lemma frame_weight_update:
  assumes "a < m" "b < m" "a \<noteq> b"
  shows "frame_weight g m (F(a := P, b := Q)) - frame_weight g m F =
    real a * (csqnorm m (adj_apply g m P) - csqnorm m (adj_apply g m (F a))) +
    real b * (csqnorm m (adj_apply g m Q) - csqnorm m (adj_apply g m (F b)))"
proof -
  define t where "t G k = real k * csqnorm m (adj_apply g m (G k))" for G k
  have "frame_weight g m (F(a := P, b := Q)) - frame_weight g m F =
      (\<Sum>k<m. t (F(a := P, b := Q)) k - t F k)"
    unfolding frame_weight_def t_def by (simp add: sum_subtractf)
  also have "\<dots> = (\<Sum>k\<in>{a,b}. t (F(a := P, b := Q)) k - t F k)"
    using assms by (intro sum.mono_neutral_right) (auto simp: t_def)
  finally show ?thesis using assms by (simp add: t_def algebra_simps)
qed

lemma unit_phase_aligning:
  fixes \<sigma> :: real
  assumes q: "q \<noteq> 0" and \<sigma>: "\<bar>\<sigma>\<bar> = 1"
  shows "\<exists>z. cmod z = 1 \<and> Re (z * q) = \<sigma> * cmod q"
proof -
  define z where "z = complex_of_real (\<sigma> / cmod q) * cnj q"
  have "cnj q * q = complex_of_real ((cmod q)\<^sup>2)"
    by (metis complex_norm_square mult.commute)
  then have "z * q = complex_of_real (\<sigma> / cmod q) * complex_of_real ((cmod q)\<^sup>2)"
    unfolding z_def by (simp add: mult.assoc)
  moreover have "cmod z = 1" using q \<sigma> unfolding z_def by (simp add: norm_mult norm_divide)
  ultimately show ?thesis using q by (intro exI[of _ z]) (simp add: power2_eq_square)
qed

lemma small_rotation_exists:
  fixes p r :: real
  assumes p: "0 < p" and r: "0 \<le> r"
  shows "\<exists>c s. c\<^sup>2 + s\<^sup>2 = 1 \<and> 0 < s \<and> s * r < 2 * c * p"
proof -
  define n where "n = sqrt ((p + r)\<^sup>2 + p\<^sup>2)"
  have pos: "(p + r)\<^sup>2 + p\<^sup>2 > 0" using p by (simp add: add_nonneg_pos)
  then have n: "n > 0" unfolding n_def by simp
  have "((p + r) / n)\<^sup>2 + (p / n)\<^sup>2 = 1"
    using pos p unfolding n_def by (simp add: power_divide add_divide_distrib[symmetric])
  moreover have "p * r < 2 * (p + r) * p"
  proof -
    have "0 < p * (2 * p + r)" using p r by simp
    then show ?thesis by (simp add: algebra_simps)
  qed
  then have "p / n * r < 2 * ((p + r) / n) * p"
    using n by (simp add: field_simps)
  ultimately show ?thesis using p n by (intro exI[of _ "(p + r) / n"] exI[of _ "p / n"]) simp
qed
lemma active_reach_imp_active_path:
  assumes "active_reach E Z a b h"
  shows "b = a \<and> \<not> h \<or> (\<exists>xs ds. is_path E a b xs ds \<and> active_path E Z xs ds \<and> last ds = h)"
  using assms
proof (induction rule: active_reach.induct)
  case (forward u h x)
  then show ?case
    using active_walk_extend[OF forward.IH, of True x] by simp
next
  case (backward u h x)
  then show ?case
    using active_walk_extend[OF backward.IH, of False x] by simp
qed simp

lemma d_separated_iff_not_active_reach:
  assumes "a \<noteq> b" and "a \<notin> Z"
  shows "d_separated E a b Z \<longleftrightarrow> \<not> (\<exists>h. active_reach E Z a b h)"
  using active_path_imp_active_reach[OF _ _ \<open>a \<notin> Z\<close>] active_reach_imp_active_path \<open>a \<noteq> b\<close>
  unfolding d_separated_def by metis

lemma active_reach_trancl_forward:
  assumes "(s, t) \<in> (E \<inter> UNIV \<times> W)\<^sup>+" and "W \<inter> Z = {}"
    and "active_reach E Z a s h" and "unblocked E Z s h False"
  shows "active_reach E Z a t True"
  using assms(1)
proof (induction rule: trancl_induct)
  case (base t)
  then show ?case
    using assms(3,4) by (auto intro: active_reach.forward)
next
  case (step y t)
  have "y \<in> W"
    using step.hyps(1) by (auto elim: tranclE)
  then have "unblocked E Z y True False"
    using assms(2) by (auto simp: unblocked_def)
  then show ?case
    using step by (blast intro: active_reach.forward)
qed

lemma active_reach_trancl_backward:
  assumes "(s, t) \<in> (E \<inter> UNIV \<times> W)\<^sup>+" and "W \<inter> Z = {}"
    and "active_reach E Z a t h" and "unblocked E Z t h True"
  shows "active_reach E Z a s False"
  using assms(1)
proof (induction rule: converse_trancl_induct)
  case (base s)
  then show ?case
    using assms(3,4) by (auto intro: active_reach.backward)
next
  case (step s y)
  then have "unblocked E Z y False True"
    using assms(2) by (auto simp: unblocked_def)
  then show ?case
    using step by (blast intro: active_reach.backward)
qed
(* Let $N$ be a positive odd integer and let $\alpha>-1$, $\beta>-1$; put $\sigma=\alpha+\beta$. Let $P_n$, $0\le n\le N$, be the monic dual $-1$ Hahn polynomials and $y_s$ the grid defined in the context. Define weights, for $0\le s\le (N-1)/2$, $$w_{2s}=(-1)^s\frac{(-(N-1)/2)_s}{s!}\,\frac{(1/2+\alpha/2)_s\,(1+\sigma/2)_s}{(1/2+\beta/2)_s\,(N/2+3/2+\sigma/2)_s},$$ $$w_{2s+1}=(-1)^s\frac{(-(N-1)/2)_s}{s!}\,\frac{(1/2+\alpha/2)_{s+1}\,(1+\sigma/2)_s}{(1/2+\beta/2)_{s+1}\,(N/2+3/2+\sigma/2)_s}.$$ Then all $w_s$ ($0\le s\le N$) are well defined and strictly positive, and for all $0\le n,m\le N$, $$\sum_{s=0}^N w_s\,P_n(y_s)P_m(y_s)=\kappa_0\,u_1^{(-1)}\cdots u_n^{(-1)}\,\delta_{nm},\qquad \kappa_0=\sum_{s=0}^N w_s=\frac{(1+\sigma/2)_{(N+1)/2}}{((\beta+1)/2)_{(N+1)/2}}.$$
   Context: $(c)_k=c(c+1)\cdots(c+k-1)$ is the Pochhammer symbol, $(c)_0=1$. For $N$ odd and $\sigma=\alpha+\beta$: $b_n^{(-1)}=-1-\alpha+\beta$ for $n$ even, $b_n^{(-1)}=-1+\alpha-\beta$ for $n$ odd; $u_n^{(-1)}=4n(N+1-n)$ for $n$ even, $u_n^{(-1)}=4(\alpha+n)(\beta+N+1-n)$ for $n$ odd. The monic dual $-1$ Hahn polynomials are defined by $P_{-1}=0$, $P_0=1$, $P_{n+1}(x)=(x-b_n^{(-1)})P_n(x)-u_n^{(-1)}P_{n-1}(x)$ for $n\ge0$. The grid is $y_s=(-1)^s(\sigma+2s+1)$, $s=0,1,\dots,N$. *)

theory Defs
  imports Complex_Main
begin

definition hb :: "real \<Rightarrow> real \<Rightarrow> nat \<Rightarrow> real" where
  "hb \<alpha> \<beta> n = (if even n then -1 - \<alpha> + \<beta> else -1 + \<alpha> - \<beta>)"

definition hu :: "nat \<Rightarrow> real \<Rightarrow> real \<Rightarrow> nat \<Rightarrow> real" where
  "hu N \<alpha> \<beta> n = (if even n then 4 * real n * (real N + 1 - real n)
                    else 4 * (\<alpha> + real n) * (\<beta> + real N + 1 - real n))"

fun hP :: "nat \<Rightarrow> real \<Rightarrow> real \<Rightarrow> nat \<Rightarrow> real \<Rightarrow> real" where
  "hP N \<alpha> \<beta> 0 x = 1"
| "hP N \<alpha> \<beta> (Suc 0) x = x - hb \<alpha> \<beta> 0"
| "hP N \<alpha> \<beta> (Suc (Suc n)) x =
     (x - hb \<alpha> \<beta> (Suc n)) * hP N \<alpha> \<beta> (Suc n) x - hu N \<alpha> \<beta> (Suc n) * hP N \<alpha> \<beta> n x"

definition hy :: "real \<Rightarrow> real \<Rightarrow> nat \<Rightarrow> real" where
  "hy \<alpha> \<beta> s = (-1) ^ s * (\<alpha> + \<beta> + 2 * real s + 1)"

definition hw :: "nat \<Rightarrow> real \<Rightarrow> real \<Rightarrow> nat \<Rightarrow> real" where
  "hw N \<alpha> \<beta> t = (let s = t div 2; \<sigma> = \<alpha> + \<beta> in
     (if even t then
        (-1) ^ s * pochhammer (- (real N - 1) / 2) s / fact s
        * (pochhammer (1/2 + \<alpha>/2) s * pochhammer (1 + \<sigma>/2) s)
        / (pochhammer (1/2 + \<beta>/2) s * pochhammer (real N / 2 + 3/2 + \<sigma>/2) s)
      else
        (-1) ^ s * pochhammer (- (real N - 1) / 2) s / fact s
        * (pochhammer (1/2 + \<alpha>/2) (s + 1) * pochhammer (1 + \<sigma>/2) s)
        / (pochhammer (1/2 + \<beta>/2) (s + 1) * pochhammer (real N / 2 + 3/2 + \<sigma>/2) s)))"

end

theory Submission
  imports Defs
begin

Task description => Copy the lines from the entries above in which the word "True" appears.

Solved problem =>
    using active_walk_extend[OF forward.IH, of True x] by simp
  shows "active_reach E Z a t True"
  then have "unblocked E Z y True False"
    and "active_reach E Z a t h" and "unblocked E Z t h True"
  then have "unblocked E Z y False True"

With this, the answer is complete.